# Free AVI to MP4 Program



## kydee6039 (Jul 11, 2007)

Just wondering if anyone knows of a free avi to mp4 (iphone) video converter??

Need something that works on a mac (PPC).

Anyone??


----------



## guye (Apr 28, 2004)

*There is a good app out there for free..*

Yes, the app is FFMpeg and it work with both PPC's & Intel macs. If you need to RIP DVD to iPhone I suggest Handbrake or handbrake lite.

Enjoy,
 
Guy


----------



## guytoronto (Jun 25, 2005)

Try iSquint


----------



## retrocactus (Jun 17, 2003)

The latest version of Quicktime has an iPhone export option...as long as you can view the video (avi or otherwise) in Quicktime, you can just 'export' to iPhone from the Quicktime file menu. You may need to install some avi codecs depending on the format of the avi's. I can't remember specifically what I've installed in mine (or if it was just the divx drivers) but it's the easiest way to get video into a format for the iPhone....I've found that anything previously converted for my video ipod works great as well.


----------



## guye (Apr 28, 2004)

Regarding the reply from retrocactus you need QuicktimePro to export

Guy


----------



## retrocactus (Jun 17, 2003)

Guye: You are correct...I forgot that part.


----------



## kydee6039 (Jul 11, 2007)

Downloaded FFMpeg. What settings should I be using?? I ask this because my original avi was 700mb. When I used the ipod mp4 setting it encoded it but the file size was larger (750 mb) and it took forever (maybe like 5-6 hours).
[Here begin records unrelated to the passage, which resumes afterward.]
lemma div_exp_le_exp:
  fixes p u v w :: real
  assumes "p \<le> exp u" "u - v \<le> w"
  shows "p / exp v \<le> exp w"
proof -
  have "p / exp v \<le> exp u / exp v" using assms(1) by (intro divide_right_mono) auto
  also have "\<dots> = exp (u - v)" by (simp add: exp_diff)
  also have "\<dots> \<le> exp w" using assms(2) by simp
  finally show ?thesis .
qed

text \<open>For the weighted statistics the Chernoff parameter is \<open>s = c n / M\<close> with \<open>M = n \<alpha>\<^sub>m\<^sub>a\<^sub>x \<ge> 1\<close>:
  every \<open>s \<alpha>\<^sub>i\<close> stays below \<open>c\<close> (keeping the moments finite), while \<open>s M = c n\<close>.\<close>
lemma scaled_weights:
  fixes \<alpha> :: "nat \<Rightarrow> real" and c :: real and n :: nat
  defines "M \<equiv> real n * Max (\<alpha> ` {..<n})"
  assumes \<alpha>_pos: "\<And>i. i < n \<Longrightarrow> \<alpha> i > 0" and \<alpha>_sum: "(\<Sum>i<n. \<alpha> i) = 1" and c: "c > 0"
  shows "c * n / M > 0" and "c * n / M * M = c * n"
    and "\<And>i. i < n \<Longrightarrow> 0 \<le> c * n / M * \<alpha> i \<and> c * n / M * \<alpha> i \<le> c"
proof -
  have M: "M \<ge> 1" unfolding M_def by (rule weights_max_ge[OF \<alpha>_sum])
  have n: "n > 0" using \<alpha>_sum by (cases n) auto
  show "c * n / M > 0" using M n c by simp
  show "c * n / M * M = c * n" using M by simp
  fix i assume i: "i < n"
  have "real n * \<alpha> i \<le> M" unfolding M_def using i by (intro mult_left_mono Max_ge) auto
  hence "c * (real n * \<alpha> i) / M \<le> c * M / M" using c M by (intro divide_right_mono mult_left_mono) auto
  thus "0 \<le> c * n / M * \<alpha> i \<and> c * n / M * \<alpha> i \<le> c" using M c \<alpha>_pos[OF i] by simp
qed

lemma spread_rate:
  fixes s c d M :: real and n :: nat
  assumes s: "s > 0" and d: "d > 0" and M: "M \<ge> 1" and sM: "s * M = c * n"
  shows "- (s * (d + euler_mascheroni * (M - 1) / 2)) \<le> - (c * min d (euler_mascheroni / 2)) * n"
proof -
  have "min d (euler_mascheroni / 2) * M = min d (euler_mascheroni / 2) + min d (euler_mascheroni / 2) * (M - 1)"
    by (simp add: algebra_simps)
  also have "\<dots> \<le> d + (euler_mascheroni / 2) * (M - 1)"
    using d M by (intro add_mono mult_right_mono) auto
  finally have "s * (min d (euler_mascheroni / 2) * M) \<le> s * (d + euler_mascheroni * (M - 1) / 2)"
    using s by (intro mult_left_mono) auto
  moreover have "s * (min d (euler_mascheroni / 2) * M) = c * min d (euler_mascheroni / 2) * n"
    using sM by (metis mult.assoc mult.commute)
  ultimately show ?thesis by simp
qed

text \<open>Margins are \<open>\<eta>/2\<close> (for the
  upper half of the window) and \<open>\<theta>/2\<close> (for the lower half); \<open>E[ln X] = -\<gamma> - ln \<lambda>\<close> and
  \<open>E[X] = 1/\<lambda>\<close> for an exponential variable \<open>X\<close> with rate \<open>\<lambda>\<close>.\<close>
definition geo_mean_high :: "real \<Rightarrow> real \<Rightarrow> nat \<Rightarrow> (nat \<Rightarrow> real) set" where
  "geo_mean_high \<eta> lam n = {x \<in> space (P_exp lam n). (\<forall>i<n. 0 < x i) \<and>
     real n * (\<eta> / 2 - euler_mascheroni - ln lam) \<le> (\<Sum>i<n. ln (x i))}"

definition arith_mean_low :: "real \<Rightarrow> real \<Rightarrow> nat \<Rightarrow> (nat \<Rightarrow> real) set" where
  "arith_mean_low \<eta> lam n = {x \<in> space (P_exp lam n). lam * (\<Sum>i<n. x i) \<le> real n * exp (- \<eta> / 2)}"

definition weighted_mean_high :: "real \<Rightarrow> real \<Rightarrow> (nat \<Rightarrow> real) \<Rightarrow> nat \<Rightarrow> (nat \<Rightarrow> real) set" where
  "weighted_mean_high \<theta> lam \<alpha> n = {x \<in> space (P_exp lam n).
     exp (\<theta> / 2 + euler_mascheroni * (real n * Max (\<alpha> ` {..<n}) - 1) / 2) \<le> lam * (\<Sum>i<n. \<alpha> i * x i)}"

definition weighted_log_low :: "real \<Rightarrow> real \<Rightarrow> (nat \<Rightarrow> real) \<Rightarrow> nat \<Rightarrow> (nat \<Rightarrow> real) set" where
  "weighted_log_low \<theta> lam \<alpha> n = {x \<in> space (P_exp lam n). (\<forall>i<n. 0 < x i) \<and>
     (\<Sum>i<n. \<alpha> i * ln (x i)) \<le> - \<theta> / 2 - euler_mascheroni * (real n * Max (\<alpha> ` {..<n}) + 1) / 2 - ln lam}"

text \<open>Chernoff bound for \<open>geo_mean_high\<close> at an exponent \<open>\<sigma> > 0\<close> with
  \<open>\<Gamma>(1 + \<sigma>) \<le> exp ((-\<gamma> + \<eta>/4) \<sigma>)\<close>, using \<open>E[X powr \<sigma>] = \<Gamma>(1 + \<sigma>) / \<lambda> powr \<sigma>\<close>.\<close>
lemma geo_mean_high_bound:
  fixes \<eta> \<sigma> lam :: real and n :: nat
  assumes lam: "lam > 0" and \<sigma>: "\<sigma> > 0" "Gamma (1 + \<sigma>) \<le> exp ((- euler_mascheroni + \<eta> / 4) * \<sigma>)"
  shows "measure (P_exp lam n) (geo_mean_high \<eta> lam n) \<le> exp (- (\<sigma> * \<eta> / 4) * n)"
proof -
  define g where "g = \<sigma> * ((- euler_mascheroni + \<eta> / 4) - ln lam)"
  define v where "v = n * \<sigma> * (\<eta> / 2 - euler_mascheroni - ln lam)"
  have moment: "0 \<le> Gamma (\<sigma> + 1) / lam powr \<sigma> \<and> Gamma (\<sigma> + 1) / lam powr \<sigma> \<le> exp g"
    unfolding g_def using \<sigma> by (intro exp_density_powr_moment_le[OF lam]) auto
  have event: "geo_mean_high \<eta> lam n \<subseteq> {x \<in> space (P_exp lam n). exp v \<le> (\<Prod>i<n. x i powr \<sigma>)}"
  proof safe
    fix x assume "x \<in> geo_mean_high \<eta> lam n"
    hence x: "\<forall>i<n. 0 < x i" "real n * (\<eta> / 2 - euler_mascheroni - ln lam) \<le> (\<Sum>i<n. ln (x i))"
      by (auto simp: geo_mean_high_def)
    have "(\<Prod>i<n. x i powr \<sigma>) = exp (\<sigma> * (\<Sum>i<n. ln (x i)))"
      using prod_powr_eq_exp_sum[of n x "\<lambda>_. \<sigma>"] x(1) by (simp add: sum_distrib_left)
    thus "exp v \<le> (\<Prod>i<n. x i powr \<sigma>)" using x(2) \<sigma> by (simp add: v_def mult.assoc)
  qed (auto simp: geo_mean_high_def)
  have "measure (P_exp lam n) (geo_mean_high \<eta> lam n) \<le> (\<Prod>i<n. Gamma (\<sigma> + 1) / lam powr \<sigma>) / exp v"
    by (rule P_exp_prod_tail[OF lam exp_gt_zero, where f = "\<lambda>_ t. t powr \<sigma>", OF _ _ _ _ event])
       (use \<sigma> lam in \<open>auto simp: nn_integral_exp_density_powr\<close>)
  also have "\<dots> \<le> exp (- (\<sigma> * \<eta> / 4) * n)"
  proof (rule div_exp_le_exp)
    show "(\<Prod>i<n. Gamma (\<sigma> + 1) / lam powr \<sigma>) \<le> exp (\<Sum>i<n. g)"
      using moment by (intro prod_le_exp_sum) auto
    show "(\<Sum>i<n. g) - v \<le> - (\<sigma> * \<eta> / 4) * n" by (simp add: g_def v_def algebra_simps)
  qed
  finally show ?thesis .
qed

lemma geo_mean_high_tail:
  assumes \<eta>: "\<eta> > 0"
  shows "\<exists>r>0. \<forall>n lam. lam > 0 \<longrightarrow> measure (P_exp lam n) (geo_mean_high \<eta> lam n) \<le> exp (- r * n)"
proof -
  obtain \<sigma> where \<sigma>: "\<sigma> > 0" "Gamma (1 + \<sigma>) \<le> exp ((- euler_mascheroni + \<eta> / 4) * \<sigma>)"
    using Gamma_right_of_one[of "\<eta> / 4"] \<eta> by auto
  thus ?thesis using geo_mean_high_bound[OF _ \<sigma>] \<sigma> \<eta> by (intro exI[of _ "\<sigma> * \<eta> / 4"]) auto
qed
(* Let $H$ be a hypergraph and $K$ a field, and let $f_{\mathcal E}\in I_H$ be the binomial arising from a balanced edge set $\mathcal E$ with $\operatorname{supp}(\mathcal E)\subseteq E(H)$ and $n=|\mathcal E_{blue}|\ge|\mathcal E_{red}|$. Then $f_{\mathcal E}$ is a linear combination, with coefficients in $K[t_e : e\in E(H)]$, of binomials in $I_H$ of degree less than $n$, provided one of the following two conditions holds: (i) there exists a proper splitting set $S$ of $\mathcal E$ with decomposition $(\Gamma_1,S,\Gamma_2)$ (with respect to which $S$ is proper) such that $|\Gamma_{i,blue}|<n$ and $|\Gamma_{i,red}|<n$ for $i=1,2$; or (ii) there is a blue splitting set $S$ of $\mathcal E$ with decomposition $(\Gamma_1,S,\Gamma_2)$ and a red splitting set $R$ of $\mathcal E$ with decomposition $(\Upsilon_1,R,\Upsilon_2)$, both of size less than $n$, such that $|\Gamma_{1,blue}|<n$, $|\Upsilon_{2,red}|<n$, $|\Gamma_{2,blue}|\le n$, $|\Upsilon_{1,red}|\le n$, and $S\cap R\neq\emptyset$.
   Context: A hypergraph $H$ has vertex set $V=\{1,\dots,m\}$ and a set $E(H)$ of edges, each a nonempty subset of $V$ (no repeated edges); edges may have different sizes. The toric ideal $I_H$ is the kernel of $\phi_H: K[t_e : e\in E(H)]\to K[x_1,\dots,x_m]$, $t_e\mapsto\prod_{j\in e}x_j$. The degree of a binomial $u-v$ is the larger of the degrees of its monomials $u$, $v$. Multisets of edges: $|M|$ is the size with multiplicity; $\operatorname{supp}(M)$ the set of distinct elements; $\sqcup$ adds multiplicities; $\cap$ takes minimum multiplicities; $\subseteq$ is multiplicity-wise containment, and a proper submultiset is a contained, unequal one. A balanced edge set $\mathcal E$ is a pair of finite multisets $\mathcal E_{blue},\mathcal E_{red}$ of edges such that every vertex lies in the same number of blue as red edges, counted with multiplicity; $\operatorname{supp}(\mathcal E)=\operatorname{supp}(\mathcal E_{blue}\sqcup\mathcal E_{red})$; $f_{\mathcal E}=\prod_{e\in\mathcal E_{blue}}t_e-\prod_{e\in\mathcal E_{red}}t_e$ (with multiplicity). A balanced edge set $\mathcal F$ is reducible with separator $S$ and decomposition $(\Gamma_1,S,\Gamma_2)$ if $S$ is a nonempty multiset with $\operatorname{supp}(S)\subseteq\operatorname{supp}(\mathcal F)$ and there are balanced edge sets $\Gamma_1\neq\mathcal F$, $\Gamma_2\neq\mathcal F$ with $S=\Gamma_{1,red}\cap\Gamma_{2,blue}$, $\mathcal F_{blue}\sqcup\mathcal F_{red}=\Gamma_{1,blue}\sqcup\Gamma_{1,red}\sqcup\Gamma_{2,blue}\sqcup\Gamma_{2,red}$, $\Gamma_{1,red},\Gamma_{2,red}\subseteq\mathcal F_{red}$ and $\Gamma_{1,blue},\Gamma_{2,blue}\subseteq\mathcal F_{blue}$. $S$ is proper with respect to $(\Gamma_1,S,\Gamma_2)$ if $S$ is a proper submultiset of both $\Gamma_{1,red}$ and $\Gamma_{2,blue}$; if not proper, it is blue with respect to the decomposition if $\Gamma_{1,red}=S$ and red if $\Gamma_{2,blue}=S$. For a multiset $S$ of edges, $\mathcal E+S$ has blue part $\mathcal E_{blue}\sqcup S$ and red part $\mathcal E_{red}\sqcup S$. A nonempty multiset $S$ with $\operatorname{supp}(S)\subseteq E(H)$ is a splitting set of $\mathcal E$ with decomposition $(\Gamma_1,S,\Gamma_2)$ if $\mathcal E+S$ is reducible with separator $S$ and that decomposition; it is a blue (resp. red) splitting set with respect to the decomposition if $S$ is a blue (resp. red) separator of $\mathcal E+S$ with respect to it; it is proper if there is a decomposition with respect to which $S$ is a proper separator. *)

theory Defs
  imports "HOL-Library.Multiset" "HOL-Library.Poly_Mapping"
begin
I think I read somewhere the size of a movie for the phone should be around 250mb - 300mb?? What setting should I be using??


----------



## guye (Apr 28, 2004)

I use the presets for video iPod (which look fine on the iPhone) but depending on your CPU it is a time intensive task. I usually let it run overnight.

Guy


----------



## kydee6039 (Jul 11, 2007)

I've started to use MOVIEPOD - much faster than FFMpeg and seems to condense the movies better. 

Highly rcommend it!!


----------